By allowing unlimited size of landholdings, making big loans easily available and allowing zero duty on transfer of land to investors mean reneging on the commitment to true land reforms and redistributing land to the tiller-citizens. The very fact that the constitution has to be amended (which is correctly the function of elected government) to do away with the ceilings on land ownership betrays in whose benefit this is working. It means indebting our country further to provide high-priced infrastructure and privileges to investors, which will then be dumped on the taxpayers to pay off. Instead of reforms, long-victimised labour now face labour laws being made inapplicable so as to attract foreign exploitation.
First rights to land belong to the tiller who grows crops with his or her own hands. In the past, Agricultural Development Bank loans meant to uplift the peasant and small farmer financed and fattened the purses of big landlords instead. Every government to date has denied the minimum basic facilities to peasants who grow crops for all their fellow-citizens; in effect the foreign investor is being offered rights, perks and preferential treatment that our own citizens are being barred from in a sensitive sector that affects our sovereignty and survival. History is now about to repeat itself on a massive scale.

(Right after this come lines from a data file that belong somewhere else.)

lemma bearing_lap_self_adjoint: "bearing_lap E g u \<bullet> w = u \<bullet> bearing_lap E g w"
proof -
  have "2 * (bearing_lap E g u \<bullet> w) = 2 * (bearing_lap E g w \<bullet> u)"
    unfolding bearing_lap_inner_eq_edge_sum
    by (intro sum.cong refl) (simp add: proj_inner_commute)
  then show ?thesis
    by (simp add: inner_commute)
qed

lemma bearing_lap_quadratic:
  "2 * (x \<bullet> bearing_lap E g x) =
     (\<Sum>i\<in>UNIV. \<Sum>j\<in>UNIV. if E i j then (norm (proj (g i j) (x$i - x$j)))\<^sup>2 else 0)"
  unfolding inner_commute[of x] bearing_lap_inner_eq_edge_sum
  by (intro sum.cong refl) (simp add: proj_inner_self)

lemma bearing_lap_quadratic_nonneg: "0 \<le> x \<bullet> bearing_lap E g x"
proof -
  have "0 \<le> 2 * (x \<bullet> bearing_lap E g x)"
    unfolding bearing_lap_quadratic by (intro sum_nonneg) auto
  then show ?thesis
    by simp
qed

lemma bearing_lap_quadratic_eq_0:
  assumes "x \<bullet> bearing_lap E g x = 0" and "E i j"
  shows "proj (g i j) (x$i - x$j) = 0"
proof -
  define h where "h i j = (if E i j then (norm (proj (g i j) (x$i - x$j)))\<^sup>2 else 0)" for i j
  have h_nonneg: "0 \<le> h i j" for i j
    by (simp add: h_def)
  have "(\<Sum>i\<in>UNIV. \<Sum>j\<in>UNIV. h i j) = 0"
    using assms(1) bearing_lap_quadratic[of x] by (simp add: h_def)
  then have "(\<Sum>j\<in>UNIV. h i j) = 0"
    by (simp add: sum_nonneg_eq_0_iff sum_nonneg h_nonneg)
  then have "h i j = 0"
    by (simp add: sum_nonneg_eq_0_iff h_nonneg)
  then show ?thesis
    using assms(2) by (simp add: h_def)
qed

end

section \<open>Bearing rigidity and the follower block\<close>

lemma target_formation_bearing_graph:
  assumes "target_formation E g VL pl q" and "undirected_graph E"
  shows "bearing_graph E g"
proof
  fix i j assume "E i j"
  then have "E j i"
    using assms(2) by (simp add: undirected_graph_def)
  have "g j i = (1 / norm (q$i - q$j)) *\<^sub>R (q$i - q$j)"
    using assms(1) \<open>E j i\<close> by (simp add: target_formation_def)
  also have "\<dots> = - ((1 / norm (q$j - q$i)) *\<^sub>R (q$j - q$i))"
    by (simp add: norm_minus_commute algebra_simps)
  also have "\<dots> = - g i j"
    using assms(1) \<open>E i j\<close> by (simp add: target_formation_def)
  finally show "proj (g j i) = proj (g i j)"
    by (simp add: proj_uminus)
qed (fact assms(2))

lemma target_formation_proj_eq_0_imp_parallel:
  assumes "target_formation E g VL pl q" and "E i j" and "proj (g i j) (x$i - x$j) = 0"
  shows "\<exists>b. x$j - x$i = b *\<^sub>R (q$j - q$i)"
proof -
  have g: "g i j = (1 / norm (q$j - q$i)) *\<^sub>R (q$j - q$i)"
    using assms(1,2) by (simp add: target_formation_def)
  define c where "c = (g i j \<bullet> (x$i - x$j)) / (g i j \<bullet> g i j)"
  have "x$i - x$j = c *\<^sub>R g i j"
    using proj_eq_0_imp[OF assms(3)] by (simp add: c_def)
  then have "x$j - x$i = (- c / norm (q$j - q$i)) *\<^sub>R (q$j - q$i)"
    by (simp add: g algebra_simps)
  then show ?thesis
    by blast
qed

text \<open>For small \<open>h\<close> every edge vector of \<open>q + h x\<close> is a positive multiple
  \<open>(1 + h \<beta>\<^sub>i\<^sub>j) (q\<^sub>j - q\<^sub>i)\<close> of the corresponding edge vector of \<open>q\<close>.\<close>

lemma bearing_fun_eventually_eq:
  fixes q x :: "real^'d::finite^'n::finite"
  assumes "\<And>i j. E i j \<Longrightarrow> x$j - x$i = \<beta> i j *\<^sub>R (q$j - q$i)"
  shows "\<forall>\<^sub>F h in at 0. bearing_fun E (q + h *\<^sub>R x) = bearing_fun E q"
proof -
  have "\<forall>\<^sub>F h in at 0. \<forall>e::'n \<times> 'n. 1 + h * \<beta> (fst e) (snd e) > 0"
  proof (rule eventually_all_finite)
    fix e :: "'n \<times> 'n"
    have "((\<lambda>h::real. 1 + h * \<beta> (fst e) (snd e)) \<longlongrightarrow> 1 + 0 * \<beta> (fst e) (snd e)) (at 0)"
      by (intro tendsto_intros)
    then show "\<forall>\<^sub>F h in at 0. 1 + h * \<beta> (fst e) (snd e) > 0"
      by (rule order_tendstoD(1)) simp
  qed
  then show ?thesis
  proof (rule eventually_mono)
    fix h :: real
    assume pos: "\<forall>e::'n \<times> 'n. 1 + h * \<beta> (fst e) (snd e) > 0"
    have "(1 / norm ((q + h *\<^sub>R x)$j - (q + h *\<^sub>R x)$i)) *\<^sub>R ((q + h *\<^sub>R x)$j - (q + h *\<^sub>R x)$i)
        = (1 / norm (q$j - q$i)) *\<^sub>R (q$j - q$i)" if "E i j" for i j
    proof -
      have "(q + h *\<^sub>R x)$j - (q + h *\<^sub>R x)$i = (q$j - q$i) + h *\<^sub>R (x$j - x$i)"
        by (simp add: algebra_simps)
      also have "\<dots> = (1 + h * \<beta> i j) *\<^sub>R (q$j - q$i)"
        unfolding assms[OF that] by (simp add: algebra_simps)
      finally show ?thesis
        using pos[rule_format, of "(i, j)"] by simp
    qed
    then have "(\<lambda>e. if E (fst e) (snd e) then (1 / norm ((q + h *\<^sub>R x)$snd e - (q + h *\<^sub>R x)$fst e))
          *\<^sub>R ((q + h *\<^sub>R x)$snd e - (q + h *\<^sub>R x)$fst e) else 0)
        = (\<lambda>e. if E (fst e) (snd e) then (1 / norm (q$snd e - q$fst e)) *\<^sub>R (q$snd e - q$fst e) else 0)"
      by (auto split: if_split)
    then show "bearing_fun E (q + h *\<^sub>R x) = bearing_fun E q"
      unfolding bearing_fun_def by (simp only:)
  qed
qed

lemma constant_vecs_subspace: "subspace {(\<chi> i. c) | c :: 'a::real_vector. True}"
proof (rule subspaceI)
  show "0 \<in> {(\<chi> i. c) | c :: 'a. True}"
    by (auto simp: vec_eq_iff)
  fix x y :: "'a^'n" and r :: real
  assume "x \<in> {(\<chi> i. c) | c. True}" "y \<in> {(\<chi> i. c) | c. True}"
  then obtain a b where "x = (\<chi> i. a)" "y = (\<chi> i. b)"
    by blast
  then show "x + y \<in> {(\<chi> i. c) | c. True}" "r *\<^sub>R x \<in> {(\<chi> i. c) | c. True}"
    by (auto simp: vec_eq_iff intro!: exI[of _ "a + b"] exI[of _ "r *\<^sub>R a"])
qed

lemma inf_bearing_rigid_parallel_motion:
  assumes rigid: "inf_bearing_rigid E q"
    and parallel: "\<And>i j. E i j \<Longrightarrow> \<exists>b. x$j - x$i = b *\<^sub>R (q$j - q$i)"
  shows "\<exists>k c. \<forall>i. x$i = c + k *\<^sub>R q$i"
proof -
  obtain R where R: "(bearing_fun E has_derivative R) (at q)"
    and kernel: "{x. R x = 0} = span ({(\<chi> i. c) | c. True} \<union> {q})"
    using rigid unfolding inf_bearing_rigid_def by (elim conjE exE) (rule that)
  define \<beta> where "\<beta> i j = (SOME b. x$j - x$i = b *\<^sub>R (q$j - q$i))" for i j
  have \<beta>: "x$j - x$i = \<beta> i j *\<^sub>R (q$j - q$i)" if "E i j" for i j
    unfolding \<beta>_def by (rule someI_ex) (rule parallel[OF that])
  have "((\<lambda>h::real. q + h *\<^sub>R x) has_derivative (\<lambda>h. h *\<^sub>R x)) (at 0)"
    by (auto intro!: derivative_eq_intros)
  moreover have "(bearing_fun E has_derivative R) (at ((\<lambda>h::real. q + h *\<^sub>R x) 0))"
    using R by simp
  ultimately have "((\<lambda>h::real. bearing_fun E (q + h *\<^sub>R x)) has_derivative (\<lambda>h. R (h *\<^sub>R x))) (at 0)"
    by (rule diff_chain_at[unfolded o_def])
  moreover have "((\<lambda>h::real. bearing_fun E (q + h *\<^sub>R x)) has_derivative (\<lambda>h. 0)) (at 0)"
    by (rule has_derivative_transform_eventually[OF has_derivative_const
          eventually_mono[OF bearing_fun_eventually_eq[OF \<beta>]]]) auto
  ultimately have "(\<lambda>h. R (h *\<^sub>R x)) = (\<lambda>h. 0)"
    by (rule has_derivative_unique)
  then have "R x = 0"
    by (metis scaleR_one)
  then have "x \<in> span (insert q {(\<chi> i. c) | c. True})"
    using kernel by auto
  then obtain k where "x - k *\<^sub>R q \<in> {(\<chi> i. c) | c. True}"
    unfolding span_insert span_eq_iff[THEN iffD2, OF constant_vecs_subspace] by blast
  then obtain c where "x - k *\<^sub>R q = (\<chi> i. c)"
    by blast
  then have "x$i - k *\<^sub>R q$i = c" for i
    by (metis vec_lambda_beta vector_minus_component vector_scaleR_component)
  then have "x$i = c + k *\<^sub>R q$i" for i
    by (metis diff_eq_eq add.commute)
  then show ?thesis
    by blast
qed

lemma rigid_target_formation_follower_definite:
  assumes tf: "target_formation E g VL pl q" and rigid: "inf_bearing_rigid E q"
    and undirected: "undirected_graph E" and leaders: "card VL \<ge> 2"
    and follower: "fol VL x = x" and kernel: "x \<bullet> bearing_lap E g x = 0"
  shows "x = 0"
proof -
  interpret bearing_graph E g
    by (rule target_formation_bearing_graph[OF tf undirected])
  obtain k c where kc: "\<And>i. x$i = c + k *\<^sub>R q$i"
    using inf_bearing_rigid_parallel_motion[OF rigid]
      target_formation_proj_eq_0_imp_parallel[OF tf _ bearing_lap_quadratic_eq_0[OF kernel]]
    by blast
  obtain i1 i2 where i: "i1 \<in> VL" "i2 \<in> VL" "i1 \<noteq> i2"
    using leaders card_le_Suc0_iff_eq[of VL] by (auto simp: not_le[symmetric])
  have leader_0: "x$i = 0" if "i \<in> VL" for i
    using that arg_cong[OF follower, of "\<lambda>y. y $ i"] by (simp add: fol_def)
  have "k *\<^sub>R (q$i1 - q$i2) = (c + k *\<^sub>R q$i1) - (c + k *\<^sub>R q$i2)"
    by (simp add: algebra_simps)
  also have "\<dots> = 0"
    using leader_0[OF i(1)] leader_0[OF i(2)] by (simp add: kc[symmetric])
  finally have "k = 0"
    using rigid i(3) unfolding inf_bearing_rigid_def by auto
  then have "c = 0"
    using leader_0[OF i(1)] kc[of i1] by simp
  then show "x = 0"
    using \<open>k = 0\<close> kc by (simp add: vec_eq_iff)
qed

section \<open>The closed loop\<close>

lemma linear_L_ff:
  fixes E :: "'n::finite \<Rightarrow> 'n \<Rightarrow> bool" and g :: "'n \<Rightarrow> 'n \<Rightarrow> real^'d::finite"
  shows "linear (L_ff E g VL)"
proof -
  have "L_ff E g VL = fol VL \<circ> bearing_lap E g \<circ> fol VL"
    by (rule ext) (simp add: L_ff_def)
  then show ?thesis
    by (simp add: linear_compose linear_fol linear_bearing_lap)
qed

lemma fol_L_ff [simp]: "fol VL (L_ff E g VL x) = L_ff E g VL x"
  and lead_L_ff [simp]: "lead VL (L_ff E g VL x) = 0"
  and L_ff_fol [simp]: "L_ff E g VL (fol VL x) = L_ff E g VL x"
  by (simp_all add: L_ff_def)

lemma L_fl_lead [simp]: "L_fl E g VL (lead VL y) = L_fl E g VL y"
  by (simp add: L_fl_def)

lemma linear_L_fl:
  fixes E :: "'n::finite \<Rightarrow> 'n \<Rightarrow> bool" and g :: "'n \<Rightarrow> 'n \<Rightarrow> real^'d::finite"
  shows "linear (L_fl E g VL)"
proof -
  have "L_fl E g VL = fol VL \<circ> bearing_lap E g \<circ> lead VL"
    by (rule ext) (simp add: L_fl_def)
  then show ?thesis
    by (simp add: linear_compose linear_fol linear_lead linear_bearing_lap)
qed

lemma fol_bearing_lap_split:
  fixes E :: "'n::finite \<Rightarrow> 'n \<Rightarrow> bool" and g :: "'n \<Rightarrow> 'n \<Rightarrow> real^'d::finite"
  shows "fol VL (bearing_lap E g y) = L_ff E g VL y + L_fl E g VL y"
  using linear_add[OF linear_bearing_lap, of E g "fol VL y" "lead VL y"]
  by (simp add: L_ff_def L_fl_def fol_add_lead)

lemma closed_loop_follower_deriv:
  assumes "closed_loop E g VL v kP kI p \<xi>" and "t \<ge> 0"
  shows "((\<lambda>s. fol VL (p s)) has_vector_derivative
           - kP *\<^sub>R fol VL (bearing_lap E g (p t)) - kI *\<^sub>R fol VL (\<xi> t)) (at t within {0..})"
proof (rule has_vector_derivative_vec)
  fix i
  show "((\<lambda>s. fol VL (p s) $ i) has_vector_derivative
      (- kP *\<^sub>R fol VL (bearing_lap E g (p t)) - kI *\<^sub>R fol VL (\<xi> t)) $ i) (at t within {0..})"
    using assms by (cases "i \<in> VL") (auto simp: closed_loop_def fol_def bearing_lap_def)
qed

lemma closed_loop_leader_deriv:
  assumes "closed_loop E g VL v kP kI p \<xi>" and "t \<ge> 0"
  shows "((\<lambda>s. lead VL (p s)) has_vector_derivative lead VL v) (at t within {0..})"
proof (rule has_vector_derivative_vec)
  fix i
  show "((\<lambda>s. lead VL (p s) $ i) has_vector_derivative lead VL v $ i) (at t within {0..})"
    using assms by (cases "i \<in> VL") (auto simp: closed_loop_def lead_def)
qed

lemma closed_loop_integrator_deriv:
  assumes "closed_loop E g VL v kP kI p \<xi>" and "t \<ge> 0"
  shows "((\<lambda>s. fol VL (\<xi> s)) has_vector_derivative fol VL (bearing_lap E g (p t))) (at t within {0..})"
proof (rule has_vector_derivative_vec)
  fix i
  show "((\<lambda>s. fol VL (\<xi> s) $ i) has_vector_derivative fol VL (bearing_lap E g (p t)) $ i) (at t within {0..})"
    using assms by (cases "i \<in> VL") (auto simp: closed_loop_def fol_def bearing_lap_def)
qed

lemma closed_loop_follower_velocity:
  assumes "closed_loop E g VL v kP kI p \<xi>" and "t > 0"
  shows "fol VL (\<chi> i. vector_derivative (\<lambda>s. p s $ i) (at t))
    = - kP *\<^sub>R fol VL (bearing_lap E g (p t)) - kI *\<^sub>R fol VL (\<xi> t)"
proof (subst vec_eq_iff, intro allI)
  fix i
  have "i \<notin> VL \<Longrightarrow> ((\<lambda>s. p s $ i) has_vector_derivative
      - kP *\<^sub>R bearing_lap E g (p t) $ i - kI *\<^sub>R \<xi> t $ i) (at t within {0..})"
    using assms unfolding closed_loop_def bearing_lap_def by auto
  moreover have "at t within {0..} = at t"
    using assms(2) by (intro at_within_interior) simp
  ultimately have "i \<notin> VL \<Longrightarrow> ((\<lambda>s. p s $ i) has_vector_derivative
      - kP *\<^sub>R bearing_lap E g (p t) $ i - kI *\<^sub>R \<xi> t $ i) (at t)"
    by simp
  then show "fol VL (\<chi> i. vector_derivative (\<lambda>s. p s $ i) (at t)) $ i
      = (- kP *\<^sub>R fol VL (bearing_lap E g (p t)) - kI *\<^sub>R fol VL (\<xi> t)) $ i"
    by (simp add: fol_def vector_derivative_at)
qed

Industrial farming has historically exploited with massive capital investment for short-term high profits, which displaced and created few or no jobs for peasants, driving out local small entrepreneurs and factories out of business whose losses added to corporate consolidations. In America, the family farm is almost extinct. Corporate farming in Pakistan will concentrate vast, unlimited acreages in fewer hands with all the attendant diseconomies of scale applying to chemical monoculture and environmental degradation. The shortage of finite water supply means it will be diverted to where money is. Governments may not ignore the fact that all natural resources belong to the people and not even elected governments have the mandate to do as they please. It is a violation of civil and human rights and should be withdrawn immediately.
On the other hand, widespread re-distribution of land in small acreages (even as little as an acre or two) among lakhs of peasant-citizens, especially women who do over two-thirds of farm work anyway as low- paid or totally unpaid family labour, would produce several times higher total output per unit of land. This, through mixed-crops, chemical-free, cheap ecological farming, was the norm for thousands of years before the colonial introduction of plantation agriculture. It would require absolutely no foreign investment or loans; and as happened in Cuba, it would rid us of our self-imposed neo-colonial yoke. It only needs recognition of the rights of all citizens, not just a favoured few and the will to carry it through.